Depois de muitas discussões e desgaste, contra a vontade de Pedro, o pobre do
cavalo marinho foi removido.
Pedro e Ana deveriam
ter pensado melhor antes de fazer uma tatuagem gêmea em seus braços? Namorados
erram ao marcar definitivamente o nome de seus pares em seus corpos?
Pedro falhou ao não
contar para Laura que existia um cavalo marinho igual ao seu no ombro de uma
ex-namorada?
Pode ser considerada
traição omitir uma informação do passado afetivo?
Quem define a
relevância do que deve ser dito ou silenciado?
Laura tem o direito de
exigir a retirada da tatuagem?
Pedro deveria remover a
tatuagem para agradar Laura?
O que você pensa a
respeito?
Quando todos julgam,
ninguém é inocente.
Quer saber o outro lado
da história? Marcelo e Ana estão muito bem. Ana tem mais quatro tatuagens
espalhadas pelo corpo, e Marcelo, que possuía um corpo imaculado, sentiu que
faltava algo. Havia uma incompletude latente, uma busca permanente. Uma noite,
enquanto observava Ana dormir a seu lado, encontrou a resposta. Bem cedo pela
manhã, correu para uma oficina e pediu para tatuar um belo cavalo marinho em
seu ombro esquerdo.
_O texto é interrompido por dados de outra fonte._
(* Let $K$ be a simplicial complex, $X\cup Y=K_0$ a cover of its vertex set, $A:=X\cap Y$, $P:=\{\sigma\in K\mid\sigma\subset X\text{ or }\sigma\subset Y\text{ or }\sigma\cap A\neq\emptyset\}$, and $g\colon P\hookrightarrow K$ the poset inclusion. For a simplex $\sigma$ of $K$, let $\sigma\!\uparrow\! g$ be the poset of simplices $\tau\in P$ with $\sigma\subset\tau$ (ordered by inclusion), let $\psi_\sigma\colon\mathrm{St}(\sigma,A)\to\sigma\!\uparrow\! g$ be $\mu\mapsto\mu\cup\sigma$, and let $\phi_\sigma\colon\sigma\!\uparrow\! g\to\mathrm{St}(\sigma)$ be $\tau\mapsto\tau$. Then: (1) if $\sigma\in P$, then $\sigma\!\uparrow\! g$ is contractible and $\phi_\sigma$ is a weak equivalence; (2) if $\sigma\in K\setminus P$, then $\psi_\sigma$ is a weak equivalence.
   Context: A simplicial complex is a collection of finite nonempty subsets of a fixed set closed under taking nonempty subsets; $K_0$ is its vertex set and its simplices form a poset under inclusion. $\mathrm{St}(\sigma):=\{\mu\in K\mid\sigma\cup\mu\in K\}$ and $\mathrm{St}(\sigma,A):=\{\mu\subset A\mid 0<|\mu|<\infty,\ \mu\cup\sigma\in K\}$, both regarded as posets under inclusion. Homotopical notions for posets/functors refer to their nerves. *)

theory Defs
  imports "HOL-Analysis.Analysis"
begin

definition simplicial_complex :: "'v set set \<Rightarrow> bool" where
  "simplicial_complex K \<longleftrightarrow>
     (\<forall>\<sigma>\<in>K. finite \<sigma> \<and> \<sigma> \<noteq> {}) \<and>
     (\<forall>\<sigma>\<in>K. \<forall>\<tau>. \<tau> \<subseteq> \<sigma> \<and> \<tau> \<noteq> {} \<longrightarrow> \<tau> \<in> K)"

definition vertex_set :: "'v set set \<Rightarrow> 'v set" where
  "vertex_set K = {v. {v} \<in> K}"

definition star :: "'v set set \<Rightarrow> 'v set \<Rightarrow> 'v set set" where
  "star K \<sigma> = {\<mu> \<in> K. \<sigma> \<union> \<mu> \<in> K}"

definition star_in :: "'v set set \<Rightarrow> 'v set \<Rightarrow> 'v set \<Rightarrow> 'v set set" where
  "star_in K \<sigma> A = {\<mu>. \<mu> \<subseteq> A \<and> finite \<mu> \<and> \<mu> \<noteq> {} \<and> \<mu> \<union> \<sigma> \<in> K}"

text \<open>The under-poset sigma up g for the inclusion g : P -> K: elements of P containing sigma.\<close>
definition up_poset :: "'v set set \<Rightarrow> 'v set \<Rightarrow> 'v set set" where
  "up_poset P \<sigma> = {\<tau> \<in> P. \<sigma> \<subseteq> \<tau>}"

text \<open>Simplices of the nerve: finite nonempty chains.\<close>
definition chains :: "'a set set \<Rightarrow> 'a set set set" where
  "chains P = {c. c \<subseteq> P \<and> finite c \<and> c \<noteq> {} \<and> (\<forall>p\<in>c. \<forall>q\<in>c. p \<subseteq> q \<or> q \<subseteq> p)}"

definition supp :: "('p \<Rightarrow> real) \<Rightarrow> 'p set" where
  "supp \<alpha> = {p. \<alpha> p \<noteq> 0}"

text \<open>Points of the geometric realization: barycentric coordinate functions supported on a simplex.\<close>
definition geom :: "'a set set \<Rightarrow> ('a set \<Rightarrow> real) set" where
  "geom P = {\<alpha>. (\<forall>p. 0 \<le> \<alpha> p) \<and> supp \<alpha> \<in> chains P \<and> sum \<alpha> (supp \<alpha>) = 1}"

definition cell :: "'p set \<Rightarrow> ('p \<Rightarrow> real) set" where
  "cell c = {\<alpha>. (\<forall>p. 0 \<le> \<alpha> p) \<and> (\<forall>p. p \<notin> c \<longrightarrow> \<alpha> p = 0) \<and> sum \<alpha> c = 1}"

text \<open>The realization carries the weak (coherent) topology w.r.t. its closed simplices,
  each of which carries the Euclidean topology.\<close>
definition geom_top :: "'a set set \<Rightarrow> ('a set \<Rightarrow> real) topology" where
  "geom_top P = topology (\<lambda>U. U \<subseteq> geom P \<and>
      (\<forall>c\<in>chains P. openin (subtopology (powertop_real UNIV) (cell c)) (U \<inter> cell c)))"

lemma istopology_geom_top: "istopology (\<lambda>U. U \<subseteq> geom P \<and>
      (\<forall>c\<in>chains P. openin (subtopology (powertop_real UNIV) (cell c)) (U \<inter> cell c)))"
  unfolding istopology_def
proof (rule conjI; intro allI impI)
  fix S T :: "('a set \<Rightarrow> real) set"
  assume a1: "(S \<subseteq> geom P \<and> (\<forall>c\<in>chains P. openin (subtopology (powertop_real UNIV) (cell c)) (S \<inter> cell c)))"
   and a2: "(T \<subseteq> geom P \<and> (\<forall>c\<in>chains P. openin (subtopology (powertop_real UNIV) (cell c)) (T \<inter> cell c)))"
  note a = a1 a2
  show "S \<inter> T \<subseteq> geom P \<and> (\<forall>c\<in>chains P. openin (subtopology (powertop_real UNIV) (cell c)) (S \<inter> T \<inter> cell c))"
  proof (intro conjI ballI)
    show "S \<inter> T \<subseteq> geom P" using a by blast
    fix c assume "c \<in> chains P"
    hence "openin (subtopology (powertop_real UNIV) (cell c)) ((S \<inter> cell c) \<inter> (T \<inter> cell c))"
      using a by (meson openin_Int)
    thus "openin (subtopology (powertop_real UNIV) (cell c)) (S \<inter> T \<inter> cell c)"
      by (simp add: Int_ac)
  qed
next
  fix \<K> :: "('a set \<Rightarrow> real) set set"
  assume a: "\<forall>K\<in>\<K>. K \<subseteq> geom P \<and> (\<forall>c\<in>chains P. openin (subtopology (powertop_real UNIV) (cell c)) (K \<inter> cell c))"
  show "\<Union>\<K> \<subseteq> geom P \<and> (\<forall>c\<in>chains P. openin (subtopology (powertop_real UNIV) (cell c)) (\<Union>\<K> \<inter> cell c))"
  proof (intro conjI ballI)
    show "\<Union>\<K> \<subseteq> geom P" using a by blast
    fix c assume "c \<in> chains P"
    hence "openin (subtopology (powertop_real UNIV) (cell c)) (\<Union>K\<in>\<K>. K \<inter> cell c)"
      using a by (intro openin_Union) blast
    thus "openin (subtopology (powertop_real UNIV) (cell c)) (\<Union>\<K> \<inter> cell c)"
      proof -
      have "\<Union>\<K> \<inter> cell c = (\<Union>K\<in>\<K>. K \<inter> cell c)" by blast
      then show ?thesis using \<open>openin _ (\<Union>K\<in>\<K>. K \<inter> cell c)\<close> by simp
    qed
  qed
qed

text \<open>Map of realizations induced by an order-preserving map h of posets.\<close>
definition nerve_map :: "('p \<Rightarrow> 'q) \<Rightarrow> ('p \<Rightarrow> real) \<Rightarrow> ('q \<Rightarrow> real)" where
  "nerve_map h \<alpha> = (\<lambda>q. sum \<alpha> {p. \<alpha> p \<noteq> 0 \<and> h p = q})"

definition sphere_base :: "nat \<Rightarrow> real" where
  "sphere_base = (\<lambda>i. if i = 0 then 1 else 0)"

text \<open>f induces a bijection on pi_0 and on all pi_n(X,x), n >= 1, for all basepoints x;
  pi_n(X,x) is the set of based maps (S^n, base) -> (X, x) modulo based homotopy.\<close>
definition weak_homotopy_equivalence ::
    "'a topology \<Rightarrow> 'b topology \<Rightarrow> ('a \<Rightarrow> 'b) \<Rightarrow> bool" where
  "weak_homotopy_equivalence X Y f \<longleftrightarrow>
     continuous_map X Y f \<and>
     (\<forall>y\<in>topspace Y. \<exists>x\<in>topspace X. path_component_of Y (f x) y) \<and>
     (\<forall>n. \<forall>x\<in>topspace X.
        (\<forall>g h. continuous_map (nsphere n) X g \<and> g sphere_base = x \<and>
               continuous_map (nsphere n) X h \<and> h sphere_base = x \<and>
               homotopic_with (\<lambda>k. k sphere_base = f x) (nsphere n) Y (f \<circ> g) (f \<circ> h)
               \<longrightarrow> homotopic_with (\<lambda>k. k sphere_base = x) (nsphere n) X g h) \<and>
        (\<forall>k. continuous_map (nsphere n) Y k \<and> k sphere_base = f x \<longrightarrow>
             (\<exists>g. continuous_map (nsphere n) X g \<and> g sphere_base = x \<and>
                  homotopic_with (\<lambda>k. k sphere_base = f x) (nsphere n) Y (f \<circ> g) k)))"

end

theory Submission
  imports Defs
begin

text \<open>The basic tool is Quillen's
  homotopy: if \<open>f \<subseteq> g\<close> pointwise for monotone maps, the induced maps of realizations are
  homotopic, relative to the points on whose support \<open>f\<close> and \<open>g\<close> agree. A poset \<open>Q\<close> containing
  \<open>\<sigma>\<close> and closed under \<open>\<mu> \<mapsto> \<mu> \<union> \<sigma>\<close> is then a cone: its realization contracts onto any point
  whose support lies above \<open>\<sigma>\<close>, by a contraction fixing that point. For \<open>\<sigma> \<in> P\<close> both
  \<open>\<sigma>\<up>g\<close> and \<open>St(\<sigma>)\<close> are such cones, so \<open>\<phi>\<^sub>\<sigma>\<close> is a map between contractible spaces. For
  \<open>\<sigma> \<notin> P\<close> every \<open>\<tau> \<supseteq> \<sigma>\<close> in \<open>P\<close> meets \<open>A\<close>, and \<open>\<tau> \<mapsto> \<tau> \<inter> A\<close> is a retraction of \<open>\<psi>\<^sub>\<sigma>\<close> with
  \<open>\<psi>\<^sub>\<sigma> (\<tau> \<inter> A) \<subseteq> \<tau>\<close>, so \<open>\<psi>\<^sub>\<sigma>\<close> is a homotopy equivalence.\<close>

section \<open>Topology of geometric realizations\<close>

lemma openin_geom_top:
  "openin (geom_top P) U \<longleftrightarrow> U \<subseteq> geom P \<and>
     (\<forall>c\<in>chains P. openin (subtopology (powertop_real UNIV) (cell c)) (U \<inter> cell c))"
  unfolding geom_top_def by (subst topology_inverse'[OF istopology_geom_top]) simp

lemma chainsD:
  assumes "c \<in> chains P"
  shows "c \<subseteq> P" "finite c" "c \<noteq> {}" "\<And>p q. p \<in> c \<Longrightarrow> q \<in> c \<Longrightarrow> p \<subseteq> q \<or> q \<subseteq> p"
  using assms by (auto simp: chains_def)

lemma supp_in_chains: "\<alpha> \<in> geom P \<Longrightarrow> supp \<alpha> \<in> chains P"
  by (simp add: geom_def)

lemma supp_subset_geom: "\<alpha> \<in> geom P \<Longrightarrow> supp \<alpha> \<subseteq> P"
  using chainsD(1)[OF supp_in_chains] .

lemma finite_supp_geom: "\<alpha> \<in> geom P \<Longrightarrow> finite (supp \<alpha>)"
  by (auto simp: geom_def chains_def)

lemma geom_nonneg: "\<alpha> \<in> geom P \<Longrightarrow> 0 \<le> \<alpha> p"
  by (auto simp: geom_def)

lemma geom_pos: "\<alpha> \<in> geom P \<Longrightarrow> p \<in> supp \<alpha> \<Longrightarrow> 0 < \<alpha> p"
  by (auto simp: geom_def supp_def order_less_le)

lemma cell_supp_subset: "\<alpha> \<in> cell c \<Longrightarrow> supp \<alpha> \<subseteq> c"
  by (auto simp: cell_def supp_def)

lemma sum_supp_eq_sum: "finite c \<Longrightarrow> supp \<alpha> \<subseteq> c \<Longrightarrow> sum \<alpha> (supp \<alpha>) = sum \<alpha> c"
  by (intro sum.mono_neutral_left) (auto simp: supp_def)

lemma cell_subset_geom:
  assumes "c \<in> chains P"
  shows "cell c \<subseteq> geom P"
proof
  fix \<alpha> assume \<alpha>: "\<alpha> \<in> cell c"
  have s: "supp \<alpha> \<subseteq> c" using cell_supp_subset[OF \<alpha>] .
  have fc: "finite c" using chainsD[OF assms] by simp
  have sum1: "sum \<alpha> (supp \<alpha>) = 1" using sum_supp_eq_sum[OF fc s] \<alpha> by (simp add: cell_def)
  then have "supp \<alpha> \<noteq> {}" by auto
  then have "supp \<alpha> \<in> chains P"
    using s chainsD[OF assms] finite_subset[OF s fc] unfolding chains_def by blast
  then show "\<alpha> \<in> geom P" using \<alpha> sum1 by (simp add: geom_def cell_def)
qed

lemma geom_in_cellI: "\<alpha> \<in> geom P \<Longrightarrow> supp \<alpha> \<subseteq> c \<Longrightarrow> finite c \<Longrightarrow> \<alpha> \<in> cell c"
  using sum_supp_eq_sum[of c \<alpha>] by (auto simp: geom_def cell_def supp_def)

lemma geom_in_cell_supp: "\<alpha> \<in> geom P \<Longrightarrow> \<alpha> \<in> cell (supp \<alpha>)"
  by (rule geom_in_cellI[OF _ order_refl finite_supp_geom])

lemma vertex_in_geom: "p \<in> P \<Longrightarrow> (\<lambda>q. if q = p then 1 else 0) \<in> geom P"
proof -
  assume "p \<in> P"
  moreover have "supp (\<lambda>q. if q = p then 1 else 0 :: real) = {p}" by (auto simp: supp_def)
  ultimately show ?thesis by (simp add: geom_def chains_def)
qed

lemma cell_convex:
  assumes "\<beta> \<in> cell c" "\<gamma> \<in> cell c" "0 \<le> t" "t \<le> 1"
  shows "(\<lambda>q. (1 - t) * \<beta> q + t * \<gamma> q) \<in> cell c"
proof -
  have "sum (\<lambda>q. (1 - t) * \<beta> q + t * \<gamma> q) c = (1 - t) * sum \<beta> c + t * sum \<gamma> c"
    by (simp add: sum.distrib sum_distrib_left)
  then show ?thesis using assms by (simp add: cell_def)
qed

lemma topspace_geom_top [simp]: "topspace (geom_top P) = geom P"
proof -
  have "openin (geom_top P) (geom P)"
    unfolding openin_geom_top
  proof (intro conjI ballI order_refl)
    fix c assume "c \<in> chains P"
    then have "geom P \<inter> cell c = topspace (subtopology (powertop_real UNIV) (cell c))"
      using cell_subset_geom by fastforce
    then show "openin (subtopology (powertop_real UNIV) (cell c)) (geom P \<inter> cell c)"
      by (simp add: openin_subtopology_refl)
  qed
  then have "geom P \<subseteq> topspace (geom_top P)" by (simp add: openin_subset)
  moreover have "topspace (geom_top P) \<subseteq> geom P"
    using openin_topspace[of "geom_top P"] unfolding openin_geom_top by blast
  ultimately show ?thesis by blast
qed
Pronto, a busca estava encerrada, o casal estava completo
novamente, o macho re-encontrara sua única e eterna fêmea. Cavalos marinhos
fora do cativeiro são fiéis sim. E provavelmente inocentes, mas para Marcelo e
Ana isto não tem a menor importância.
Quando ninguém julga,
todos são inocentes.
*Ildo Meyer
Médico. Escritor.
Palestrante. Filósofo Clínico
Porto Alegre/RS
**Troquei os nomes para
não comprometer, mas a história é verídica.